### [PROBLEM DETAILS]
Repeat exactly, and only, the lines from the one holding "assms(2,3) by linarith" through the last line of the records below.

### [Data extracted from a collection]
··········

(* Let $G$ be generated by the random planted model with $p\ge(10\ln n)/\sqrt k$. Then with high probability over the input, $S$ is the unique set of $k$ vertices of $G$ whose induced subgraph is bipartite.
   Context: Random planted model with parameters $n,k,d,p$: $V$ has $n$ vertices, $S\subset V$ with $|S|=k$, the graph induced on $S$ is an arbitrary connected $d$-regular bipartite graph with parts $S_1,S_2$, and each pair in $S\times(V\setminus S)$ and in $(V\setminus S)\times(V\setminus S)$ is an edge independently with probability $p$. *)

theory Defs
  imports "HOL-Probability.Probability"
begin

text \<open>Vertices are {0..<n}. Unordered pairs {u,v} are encoded as (u,v) with u < v.
  The random pairs are those not lying inside S.\<close>

definition rand_pairs :: "nat \<Rightarrow> nat set \<Rightarrow> (nat \<times> nat) set" where
  "rand_pairs n S = {(u,v). u < v \<and> v < n \<and> \<not> (u \<in> S \<and> v \<in> S)}"

definition planted_pmf :: "nat \<Rightarrow> nat set \<Rightarrow> real \<Rightarrow> (nat \<times> nat \<Rightarrow> bool) pmf" where
  "planted_pmf n S p = Pi_pmf (rand_pairs n S) False (\<lambda>_. bernoulli_pmf p)"

definition planted_adj :: "nat set \<Rightarrow> (nat \<Rightarrow> nat \<Rightarrow> bool) \<Rightarrow> (nat \<times> nat \<Rightarrow> bool)
    \<Rightarrow> nat \<Rightarrow> nat \<Rightarrow> bool" where
  "planted_adj S H X u v =
     (if u \<in> S \<and> v \<in> S then H u v
      else if u < v then X (u, v) else if v < u then X (v, u) else False)"

definition bipartite_on :: "(nat \<Rightarrow> nat \<Rightarrow> bool) \<Rightarrow> nat set \<Rightarrow> bool" where
  "bipartite_on E A = (\<exists>T \<subseteq> A. \<forall>u\<in>A. \<forall>v\<in>A. E u v \<longrightarrow> (u \<in> T \<longleftrightarrow> v \<notin> T))"

definition connected_on :: "(nat \<Rightarrow> nat \<Rightarrow> bool) \<Rightarrow> nat set \<Rightarrow> bool" where
  "connected_on E A = (\<forall>u\<in>A. \<forall>v\<in>A. (\<lambda>x y. x \<in> A \<and> y \<in> A \<and> E x y)\<^sup>*\<^sup>* u v)"

definition regular_on :: "(nat \<Rightarrow> nat \<Rightarrow> bool) \<Rightarrow> nat set \<Rightarrow> nat \<Rightarrow> bool" where
  "regular_on E A d = (\<forall>v\<in>A. card {u\<in>A. E v u} = d)"

definition planted_graph :: "nat set \<Rightarrow> nat \<Rightarrow> (nat \<Rightarrow> nat \<Rightarrow> bool) \<Rightarrow> bool" where
  "planted_graph S d H =
     ((\<forall>u\<in>S. \<forall>v\<in>S. H u v \<longleftrightarrow> H v u) \<and> (\<forall>u\<in>S. \<not> H u u) \<and>
      connected_on H S \<and> regular_on H S d \<and>
      (\<exists>S1 S2. S1 \<union> S2 = S \<and> S1 \<inter> S2 = {} \<and>
         (\<forall>u\<in>S. \<forall>v\<in>S. H u v \<longrightarrow> (u \<in> S1 \<and> v \<in> S2) \<or> (u \<in> S2 \<and> v \<in> S1))))"

end

theory Submission
  imports Defs
begin

text \<open>
  Let A \<noteq> S be a k-set with t = |A - S| \<ge> 1 vertices outside S. If A induces a bipartite graph,
  some 2-colouring T of A is proper on the planted edges inside A \<inter> S, and every random pair
  inside A whose ends get the same colour is a non-edge. Such a T is determined by one bit per
  component of H[A \<inter> S] and per vertex of A - S, and since H is connected and d-regular, H[A \<inter> S]
  has at most t (2 \<surd>k + 2) components. If t \<le> k/4, the colour classes of A \<inter> S are independent in
  H, hence have at most k/2 vertices, so every vertex of A - S has k/4 monochromatic partners in
  A \<inter> S; otherwise half of A - S is monochromatic. Either way the forced non-edges outweigh the
  colourings, A is bipartite with probability at most n^(-5t), and there are at most n^(2t)
  such sets A.
\<close>

lemma prob_Pi_pmf_all_False:
  assumes "finite A" "P \<subseteq> A" "0 \<le> p" "p \<le> 1"
  shows "measure_pmf.prob (Pi_pmf A False (\<lambda>_. bernoulli_pmf p)) {X. \<forall>e\<in>P. \<not> X e}
           = (1 - p) ^ card P"
proof -
  have "{X. \<forall>e\<in>P. \<not> X e} = Pi A (\<lambda>e. if e \<in> P then {False} else UNIV)"
    using assms(2) by (auto simp: Pi_def split: if_splits)
  hence "measure_pmf.prob (Pi_pmf A False (\<lambda>_. bernoulli_pmf p)) {X. \<forall>e\<in>P. \<not> X e}
     = (\<Prod>e\<in>A. measure_pmf.prob (bernoulli_pmf p) (if e \<in> P then {False} else UNIV))"
    using measure_Pi_pmf_Pi[OF assms(1)] by simp
  also have "\<dots> = (\<Prod>e\<in>A. if e \<in> P then 1 - p else 1)"
    using assms by (intro prod.cong) (auto simp: measure_pmf_single)
  also have "\<dots> = (1 - p) ^ card (A \<inter> P)"
    using assms(1) by (simp add: prod.If_cases)
  finally show ?thesis using assms(2) by (simp add: Int_absorb1)
qed

lemma sum_card_filter_swap:
  assumes "finite X" "finite Y"
  shows "(\<Sum>x\<in>X. card {y\<in>Y. R x y}) = (\<Sum>y\<in>Y. card {x\<in>X. R x y})"
  using sum.swap_restrict[OF assms, of "\<lambda>_ _. 1" R] by (simp only: card_eq_sum)

lemma card_less_pairs:
  fixes Y :: "'a::linorder set"
  assumes "finite Y"
  shows "2 * card {(u, v). u \<in> Y \<and> v \<in> Y \<and> u < v} + card Y = card Y * card Y"
proof -
  let ?P = "{(u, v). u \<in> Y \<and> v \<in> Y \<and> u < v}" and ?Q = "{(u, v). u \<in> Y \<and> v \<in> Y \<and> v < u}"
  let ?D = "(\<lambda>u. (u, u)) ` Y"
  have fin: "finite ?P" "finite ?Q" "finite ?D"
    by (rule finite_subset[of _ "Y \<times> Y"]; use assms in auto)+
  have "Y \<times> Y = (?P \<union> ?Q) \<union> ?D" by auto
  hence "card Y * card Y = card (?P \<union> ?Q \<union> ?D)"
    by (metis card_cartesian_product)
  also have "\<dots> = card (?P \<union> ?Q) + card ?D"
    using fin by (intro card_Un_disjoint) auto
  also have "card (?P \<union> ?Q) = card ?P + card ?Q"
    using fin by (intro card_Un_disjoint) auto
  also have "?Q = prod.swap ` ?P" by auto
  also have "card (prod.swap ` ?P) = card ?P" by (simp add: card_image)
  also have "card ?D = card Y" by (simp add: card_image inj_on_def)
  finally show ?thesis by simp
qed

lemma card_Diff_commute:
  assumes "finite A" "finite B" "card A = card B"
  shows "card (A - B) = card (B - A)"
  using assms by (simp add: card_Diff_subset_Int Int_commute)

lemma Diff_nonempty_if_card_eq:
  assumes "finite B" "card A = card B" "A \<noteq> B"
  shows "A - B \<noteq> {}"
  using assms card_subset_eq[OF assms(1)] by auto

lemma real_le_exp_if_le_two_power:
  fixes c N :: nat
  assumes "c \<le> 2 ^ N"
  shows "real c \<le> exp (real N)"
proof -
  have "real c \<le> 2 ^ N" using assms by (metis of_nat_le_iff of_nat_numeral of_nat_power)
  also have "(2::real) ^ N \<le> exp 1 ^ N"
    using exp_ge_add_one_self[of 1] by (intro power_mono) auto
  finally show ?thesis by (simp add: exp_of_nat_mult[symmetric])
qed

lemma three_le_ln:
  assumes "27 \<le> (x::real)"
  shows "3 \<le> ln x"
proof -
  have "exp (3::real) = exp 1 ^ 3" by (simp add: exp_of_nat_mult[symmetric])
  also have "\<dots> \<le> 3 ^ 3" using exp_bound[of 1] by (intro power_mono) auto
  finally show ?thesis using assms by (simp add: ln_ge_iff)
qed

lemma exponent_bound_few_outside:
  fixes s L p t :: real
  assumes "3 \<le> L" "30 \<le> s" "10 * L \<le> p * s" "p \<le> 1" "0 \<le> t"
  shows "t * (2 * s + 3) - p * (t * (s * s) / 4) \<le> - (5 * t * L)"
proof -
  have "10 * L * s \<le> p * s * s" using assms(2,3) by (intro mult_right_mono) auto
  moreover have "3 * s \<le> L * s" using assms(1,2) by (intro mult_right_mono) auto
  moreover have "p * s \<le> s" using assms(2,4) by (simp add: mult_left_le_one_le)
  ultimately have "2 * s + 3 + 5 * L \<le> p * s * s / 4" using assms(2,3) by linarith
  hence "t * (2 * s + 3 + 5 * L) \<le> t * (p * s * s / 4)" using assms(5) by (rule mult_left_mono)
  thus ?thesis by (simp add: algebra_simps)
qed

··········

### [ANSWER BOX]
  ultimately have "2 * s + 3 + 5 * L \<le> p * s * s / 4" using assms(2,3) by linarith
  hence "t * (2 * s + 3 + 5 * L) \<le> t * (p * s * s / 4)" using assms(5) by (rule mult_left_mono)
  thus ?thesis by (simp add: algebra_simps)
qed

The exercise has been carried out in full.